Viewers do understand that soaps are filmed several weeks before broadcast, so they haven’t always reacted promptly to changes in lockdown rules. “What they’re less forgiving of,” says Brown, “is the sight of people on the ITV soaps coming into indoor spaces and removing masks to speak their lines. That seems like a topsy-turvy decision as we’re all masking up to enter shops. I’m guessing they want masks to be a part of this world without it impeding our ability to understand what actors are saying. But it does look odd.”
The producers of Superstore found that out the hard way. After filming several episodes with a rule in place that characters would wear masks whenever their real-life equivalents would, it was relaxed, simply on the grounds that it was hard to shoot and looked bad on screen. Perhaps the biggest problem with setting shows in a Covid world, however, was exemplified by a joke about Tiger King: by the time Superstore’s season premiere went out in October, the reference to a Netflix documentary people were watching during lockdown one in April felt ancient.
Now more than ever, content needs to be “evergreen”: a show, or even worse a single season of a long-running series, that features Covid will be uncomfortably jarring for the streaming viewers of the future. “We hope masks and social distancing won’t always be here,” says Shindler. “Shows [that include them] will instantly date.”

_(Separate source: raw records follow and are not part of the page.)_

lemma chain_section_imp_split_htpy_equiv:
  assumes s: "chain_section s" and hs: "chain_homotopic sE E sE E (\<lambda>n x. s n (p n x)) (\<lambda>n x. x)"
  shows "degreewise_split_epi sE E sB B p \<and> chain_htpy_equiv sE E sB B p"
proof -
  have s_mem: "\<And>n y. y \<in> carr B n \<Longrightarrow> s n y \<in> carr E n \<and> p n (s n y) = y"
    and s_d: "\<And>n y. y \<in> carr B n \<Longrightarrow> diff E n (s n y) = s (n - 1) (diff B n y)"
    and s_lin: "\<And>n. lin_on sB sE (carr B n) (s n)"
    using s unfolding chain_section_def by blast+
  have split: "degreewise_split_epi sE E sB B p"
    unfolding degreewise_split_epi_def using s_mem s_lin by blast
  txt \<open>Chain maps are extensional, so \<open>s\<close> has to be cut off outside the carriers.\<close>
  define g where "g n b = (if b \<in> carr B n then s n b else 0)" for n b
  have "chain_map sB B sE E g"
    unfolding chain_map_def
  proof (intro conjI allI ballI impI)
    fix n show "lin_on sB sE (carr B n) (g n)"
      by (rule lin_on_cong[OF s_lin]) (auto simp: g_def)
  qed (simp_all add: g_def s_mem s_d)
  moreover have "chain_homotopic sB B sB B (\<lambda>n x. p n (g n x)) (\<lambda>n x. x)"
    unfolding chain_homotopic_def
    by (rule exI[of _ "\<lambda>n x. 0"]) (simp add: lin_on_const_zero[OF B.module_axioms] g_def s_mem)
  moreover have "chain_homotopic sE E sE E (\<lambda>n x. g n (p n x)) (\<lambda>n x. x)"
    using hs unfolding chain_homotopic_def g_def by simp
  ultimately show ?thesis
    using split unfolding chain_htpy_equiv_def by blast
qed
(* Let $a\in\mathbb{Q}\setminus\{-1,0,1\}$, $z\in\mathbb{C}$ with $|z|\le1$, and $\xi<x$ positive real numbers. Then \begin{multline*} \sum_{\substack{p\le x \\ \nu_p(a)=0}} z^{\omega(p-1) - \omega(\mathrm{ord}_p(a))} = \sum_{\ell\mid Q_\xi} (z-1)^{\omega(\ell)}\sum_{m\mid \ell}\mu(m)\, \#\bigl\{ p\le x : \nu_p(a)=0,\ \ell\mid (p-1)/\mathrm{ord}_p(a),\ m\ell\mid (p-1)\bigr\}\\ + O\biggl( \sum_{\xi<q^k\le x} \#\bigl\{ p\le x : \nu_p(a)=0,\ q^k \mid (p-1)/\mathrm{ord}_p(a),\ q^k\,\|\, (p-1) \bigr\} \biggr), \end{multline*} with an absolute implied constant, where the error sum is over prime powers $q^k$ ($k\ge1$) in $(\xi,x]$.
   Context: $p,q$ denote primes. $\nu_p(a)$ is the $p$-adic valuation of $a$; $\mathrm{ord}_p(a)$ is the multiplicative order of $a$ mod $p$; $\omega(n)$ is the number of distinct prime factors; $\mu$ is the Möbius function; $q^k\| n$ means $q^k\mid n$ and $q^{k+1}\nmid n$. For $\xi>0$, $Q_\xi$ is the least common multiple of all positive integers $\le\xi$. The convention $0^0=1$ is used. *)

theory Defs
  imports "HOL-Analysis.Analysis" "HOL-Number_Theory.Number_Theory" "HOL-Computational_Algebra.Squarefree"
begin

definition rat_vp :: "nat \<Rightarrow> rat \<Rightarrow> int" where
  "rat_vp p a = (case quotient_of a of (n, d) \<Rightarrow>
      int (multiplicity (int p) n) - int (multiplicity (int p) d))"

text \<open>Multiplicative order of a = n/d modulo p (for p not dividing n d):
  least k > 0 with (n/d)^k = 1 mod p, i.e. n^k = d^k mod p.\<close>
definition rat_ord :: "nat \<Rightarrow> rat \<Rightarrow> nat" where
  "rat_ord p a = (case quotient_of a of (n, d) \<Rightarrow>
      (LEAST k. 0 < k \<and> [n ^ k = d ^ k] (mod int p)))"

definition omega :: "nat \<Rightarrow> nat" where
  "omega n = card (prime_factors n)"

When UKTV’s Watsham issued his edict to Acaster and Widdicombe, he was more worried about the lag between filming and transmission, and the possibility of Covid having subsided before Hypothetical aired. His reasoning applies even more strongly to shows with a potentially endless future on streaming. “I imagined that point where we’re all starting to emerge from our hibernation. We’re back out on the streets and the sun is shining. We’re finally liberated from lockdown. Do we want to be reminded of it?”